___ Extracted material ___

lemma le_add_mult_INF:
  fixes A B :: "'x \<Rightarrow> ennreal" and v c d :: ennreal
  assumes "SA \<noteq> {}" "SB \<noteq> {}" "c < top" "d < top"
    and "\<And>x y. x \<in> SA \<Longrightarrow> y \<in> SB \<Longrightarrow> v \<le> c * A x + d * B y"
  shows "v \<le> c * (INF x\<in>SA. A x) + d * (INF y\<in>SB. B y)"
proof -
  have "v \<le> c * A x + d * (INF y\<in>SB. B y)" if "x \<in> SA" for x
    unfolding ennreal_add_mult_INF[OF assms(2,4)] using assms(5) that by (intro INF_greatest)
  then have "v \<le> (INF x\<in>SA. d * (INF y\<in>SB. B y) + c * A x)"
    by (intro INF_greatest) (simp add: add.commute)
  also have "\<dots> = d * (INF y\<in>SB. B y) + c * (INF x\<in>SA. A x)"
    by (rule ennreal_add_mult_INF[symmetric, OF assms(1,3)])
  finally show ?thesis by (simp add: add.commute)
qed

definition path_cost :: "(real \<Rightarrow> real) \<Rightarrow> real set \<Rightarrow> real \<Rightarrow> (real \<Rightarrow> real) \<Rightarrow> real" where
  "path_cost F J T g = (\<Sum>s\<in>J. F (left_lim g s - g s)) + F (g T)"

lemma exec_cost_eq_path_cost:
  "exec_cost X F T \<xi> \<omega> = path_cost F (jump_times (\<lambda>r. X r \<omega>) \<inter> {0<..T}) T (\<lambda>r. \<xi> r \<omega>)"
  by (simp add: exec_cost_def path_cost_def)

lemma piecewise_const_left_lim_ge:
  assumes "piecewise_const g J T" "0 < s" "s \<le> T" "\<And>s t. 0 \<le> s \<Longrightarrow> s \<le> t \<Longrightarrow> g t \<le> g s"
  shows "g s \<le> left_lim g s"
proof -
  obtain w where "0 \<le> w" "w < s" "left_lim g s = g w"
    using piecewise_const_left[OF assms(1-3)] by metis
  with assms(4)[of w s] show ?thesis by simp
qed

lemma path_cost_dyadic_eventually:
  assumes pcx: "piecewise_const x J T" and J: "J = jump_times x \<inter> {0<..T}" and T0: "0 \<le> T"
    and pcg: "piecewise_const g J T" and anti: "\<And>s t. 0 \<le> s \<Longrightarrow> s \<le> t \<Longrightarrow> g t \<le> g s"
    and gT: "0 \<le> g T"
  shows "\<forall>\<^sub>F n in sequentially.
    (\<Sum>k<2^n. if x (real (Suc k) * T / 2^n) \<noteq> x (real k * T / 2^n)
               then F (max 0 (g (real k * T / 2^n) - g (real (Suc k) * T / 2^n))) else 0)
      + F (max 0 (g T)) = path_cost F J T g"
proof -
  have "\<forall>\<^sub>F n in sequentially.
    (\<Sum>k<2^n. if x (real (Suc k) * T / 2^n) \<noteq> x (real k * T / 2^n)
               then F (max 0 (g (real k * T / 2^n) - g (real (Suc k) * T / 2^n))) else 0)
      = (\<Sum>s\<in>J. F (left_lim g s - g s))"
  proof (rule dyadic_increments_eventually[OF pcx J T0])
    fix s assume "s \<in> J"
    then have s: "0 < s" "s \<le> T" using J by auto
    have ge: "g s \<le> left_lim g s" by (rule piecewise_const_left_lim_ge[OF pcg s anti])
    obtain \<delta> where \<delta>: "0 < \<delta>" "\<And>a. s - \<delta> < a \<Longrightarrow> a < s \<Longrightarrow> g a = left_lim g s"
      "\<And>b. s \<le> b \<Longrightarrow> b < s + \<delta> \<Longrightarrow> b \<le> T \<Longrightarrow> g b = g s"
      using piecewise_const_local[OF pcg s] by blast
    show "\<exists>\<delta>>0. \<forall>a b. s - \<delta> < a \<longrightarrow> a < s \<longrightarrow> s \<le> b \<longrightarrow> b \<le> T \<longrightarrow> b < s + \<delta> \<longrightarrow>
            F (max 0 (g a - g b)) = F (left_lim g s - g s)"
    proof (intro exI[of _ \<delta>] conjI allI impI)
      fix a b assume ab: "s - \<delta> < a" "a < s" "s \<le> b" "b \<le> T" "b < s + \<delta>"
      then have "g a = left_lim g s" "g b = g s" using \<delta>(2)[of a] \<delta>(3)[of b] by simp_all
      with ge show "F (max 0 (g a - g b)) = F (left_lim g s - g s)" by simp
    qed (rule \<delta>(1))
  qed
  then show ?thesis using gT by (simp add: path_cost_def)
qed

lemma path_cost_nonneg:
  assumes "piecewise_const g J T" "J \<subseteq> {0<..T}" "\<And>s t. 0 \<le> s \<Longrightarrow> s \<le> t \<Longrightarrow> g t \<le> g s"
    and "0 \<le> g T" "\<And>x. 0 \<le> x \<Longrightarrow> 0 \<le> F x"
  shows "0 \<le> path_cost F J T g"
proof -
  have "0 \<le> F (left_lim g s - g s)" if "s \<in> J" for s
  proof -
    have "0 < s" "s \<le> T" using that assms(2) by auto
    then have "g s \<le> left_lim g s" by (rule piecewise_const_left_lim_ge[OF assms(1) _ _ assms(3)])
    then show ?thesis using assms(5) by simp
  qed
  then show ?thesis unfolding path_cost_def using assms(4,5) by (simp add: sum_nonneg)
qed
text \<open>The two blocks are lifted to their epigraphs; a polyhedral epigraph contributes its
  defining halfspaces as extra linear constraints instead of a relative-interior requirement.\<close>

lemma lagrange_multipliers_blocks:
  fixes \<phi>1 :: "'a::euclidean_space \<Rightarrow> ereal" and \<phi>2 :: "'b::euclidean_space \<Rightarrow> ereal"
    and a :: "'i::finite \<Rightarrow> ('a \<times> 'b) \<times> 'c::euclidean_space"
  assumes \<phi>1: "convex_fun \<phi>1" "\<And>x. \<phi>1 x \<noteq> -\<infinity>" and \<phi>2: "convex_fun \<phi>2" "\<And>x. \<phi>2 x \<noteq> -\<infinity>"
    and xo: "x1o \<in> slater_dom \<phi>1" "x2o \<in> slater_dom \<phi>2" "mixed_feasible a \<beta> eqc UNIV ((x1o, x2o), x3o)"
    and xs: "mixed_feasible a \<beta> eqc UNIV ((x1s, x2s), x3s)"
    and opt: "\<And>x1 x2 x3. mixed_feasible a \<beta> eqc UNIV ((x1, x2), x3) \<Longrightarrow>
      \<phi>1 x1s + \<phi>2 x2s + ereal (c \<bullet> x3s) \<le> \<phi>1 x1 + \<phi>2 x2 + ereal (c \<bullet> x3)"
  obtains l where "\<And>k. \<not> eqc k \<Longrightarrow> 0 \<le> l k"
    "\<And>x1 x2 x3. \<phi>1 x1s + \<phi>2 x2s + ereal (c \<bullet> x3s)
       \<le> \<phi>1 x1 + \<phi>2 x2 + ereal (c \<bullet> x3 + (\<Sum>k\<in>UNIV. l k * (a k \<bullet> ((x1, x2), x3) - \<beta> k)))"
proof -
  obtain r1o r2o where r1o: "\<phi>1 x1o = ereal r1o" and r2o: "\<phi>2 x2o = ereal r2o"
    using xo(1,2) slater_dom_subset_edom \<phi>1(2)[of x1o] \<phi>2(2)[of x2o] unfolding edom_def
    by (cases "\<phi>1 x1o"; cases "\<phi>2 x2o") auto
  obtain r1 r2 where r1: "\<phi>1 x1s = ereal r1" and r2: "\<phi>2 x2s = ereal r2"
    using opt[OF xo(3)] r1o r2o \<phi>1(2)[of x1s] \<phi>2(2)[of x2s]
    by (cases "\<phi>1 x1s"; cases "\<phi>2 x2s") auto
  obtain H :: "(((('a \<times> real) \<times> ('b \<times> real)) \<times> 'c) \<times> real) set" where H: "finite H"
    and epi: "\<And>x1 s1 x2 s2 x3. (((x1, s1), (x2, s2)), x3) \<in> (slater_epigraph \<phi>1 \<times> slater_epigraph \<phi>2) \<times> UNIV
      \<inter> halfspaces H \<longleftrightarrow> \<phi>1 x1 \<le> ereal s1 \<and> \<phi>2 x2 \<le> ereal s2"
    by (rule epigraph_pair_eq_Int_halfspaces[of \<phi>1 \<phi>2]) (rule that)
  define D :: "((('a \<times> real) \<times> ('b \<times> real)) \<times> 'c) set"
    where "D = (slater_epigraph \<phi>1 \<times> slater_epigraph \<phi>2) \<times> UNIV"
  define A :: "'i \<Rightarrow> (('a \<times> real) \<times> ('b \<times> real)) \<times> 'c"
    where "A k = (((fst (fst (a k)), 0), (snd (fst (a k)), 0)), snd (a k))" for k
  define C :: "(('a \<times> real) \<times> ('b \<times> real)) \<times> 'c" where "C = (((0, 1), (0, 1)), c)"
  have A: "A k \<bullet> (((x1, s1), (x2, s2)), x3) = a k \<bullet> ((x1, x2), x3)" for k x1 s1 x2 s2 x3
    unfolding A_def by (simp add: inner_prod_def)
  then have feas: "mixed_feasible A \<beta> eqc UNIV (((x1, s1), (x2, s2)), x3) \<longleftrightarrow> mixed_feasible a \<beta> eqc UNIV ((x1, x2), x3)"
    for x1 s1 x2 s2 x3 unfolding mixed_feasible_def by simp
  have C: "C \<bullet> (((x1, s1), (x2, s2)), x3) = s1 + s2 + c \<bullet> x3" for x1 s1 x2 s2 x3
    unfolding C_def by simp
  note epi = epi[folded D_def]
  have cD: "convex D"
    unfolding D_def using \<phi>1(1) \<phi>2(1) by (intro convex_Times convex_slater_epigraph) auto
  have xo_ri: "(((x1o, r1o + 1), (x2o, r2o + 1)), x3o) \<in> rel_interior D"
    using rel_interior_epigraph_of_slater_dom[OF \<phi>1 xo(1)] rel_interior_epigraph_of_slater_dom[OF \<phi>2 xo(2)]
      convex_slater_epigraph[OF \<phi>1(1)] convex_slater_epigraph[OF \<phi>2(1)] r1o r2o
    unfolding D_def by (simp add: rel_interior_Times convex_Times)
  have xo_epi: "(((x1o, r1o + 1), (x2o, r2o + 1)), x3o) \<in> D \<inter> halfspaces H"
    unfolding epi using r1o r2o by simp
  have xs_epi: "(((x1s, r1), (x2s, r2)), x3s) \<in> D \<inter> halfspaces H"
    unfolding epi using r1 r2 by simp
  have opt_lifted: "C \<bullet> (((x1s, r1), (x2s, r2)), x3s) \<le> C \<bullet> \<xi>"
    if "\<xi> \<in> D" "\<xi> \<in> halfspaces H" "mixed_feasible A \<beta> eqc UNIV \<xi>" for \<xi>
  proof -
    obtain x1 s1 x2 s2 x3 where \<xi>: "\<xi> = (((x1, s1), (x2, s2)), x3)" by (metis prod.collapse)
    have "ereal (r1 + r2 + c \<bullet> x3s) \<le> \<phi>1 x1 + \<phi>2 x2 + ereal (c \<bullet> x3)"
      using opt[of x1 x2 x3] that(3) r1 r2 unfolding \<xi> feas by simp
    also have "\<dots> \<le> ereal s1 + ereal s2 + ereal (c \<bullet> x3)"
    proof -
      have "\<phi>1 x1 \<le> ereal s1 \<and> \<phi>2 x2 \<le> ereal s2" using that(1,2) epi unfolding \<xi> by blast
      then show ?thesis by (intro add_mono) auto
    qed
    finally show ?thesis unfolding \<xi> C by simp
  qed
  obtain l where l: "\<And>k. k \<in> UNIV \<Longrightarrow> \<not> eqc k \<Longrightarrow> 0 \<le> l k"
    "\<And>\<xi>. \<xi> \<in> D \<Longrightarrow> \<xi> \<in> halfspaces H \<Longrightarrow>
       C \<bullet> (((x1s, r1), (x2s, r2)), x3s) \<le> C \<bullet> \<xi> + (\<Sum>k\<in>UNIV. l k * (A k \<bullet> \<xi> - \<beta> k))"
    using xo_epi xs_epi xo(3) xs
    by (rule_tac lagrange_multipliers_mixed[OF finite_class.finite_UNIV H cD xo_ri _ _ _ _ _ opt_lifted]) (auto simp: feas)
  show ?thesis
  proof (rule that)
    show "0 \<le> l k" if "\<not> eqc k" for k using l(1) that by simp
  next
    fix x1 x2 x3
    show "\<phi>1 x1s + \<phi>2 x2s + ereal (c \<bullet> x3s)
       \<le> \<phi>1 x1 + \<phi>2 x2 + ereal (c \<bullet> x3 + (\<Sum>k\<in>UNIV. l k * (a k \<bullet> ((x1, x2), x3) - \<beta> k)))"
    proof (cases "\<phi>1 x1 = \<infinity> \<or> \<phi>2 x2 = \<infinity>")
      case True
      then show ?thesis using \<phi>1(2)[of x1] \<phi>2(2)[of x2] by auto
    next
      case False
      then obtain s1 s2 where s: "\<phi>1 x1 = ereal s1" "\<phi>2 x2 = ereal s2"
        using \<phi>1(2)[of x1] \<phi>2(2)[of x2] by (cases "\<phi>1 x1"; cases "\<phi>2 x2") auto
      then have "(((x1, s1), (x2, s2)), x3) \<in> D \<inter> halfspaces H" unfolding epi by simp
      then show ?thesis using l(2)[of "(((x1, s1), (x2, s2)), x3)"] r1 r2 s unfolding A C by simp
    qed
  qed
qed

___

◆ How to complete this task:
Copy task for the entries above: every line with the string "blast".

◆ Exercise response:
      using piecewise_const_local[OF pcg s] by blast
      have "\<phi>1 x1 \<le> ereal s1 \<and> \<phi>2 x2 \<le> ereal s2" using that(1,2) epi unfolding \<xi> by blast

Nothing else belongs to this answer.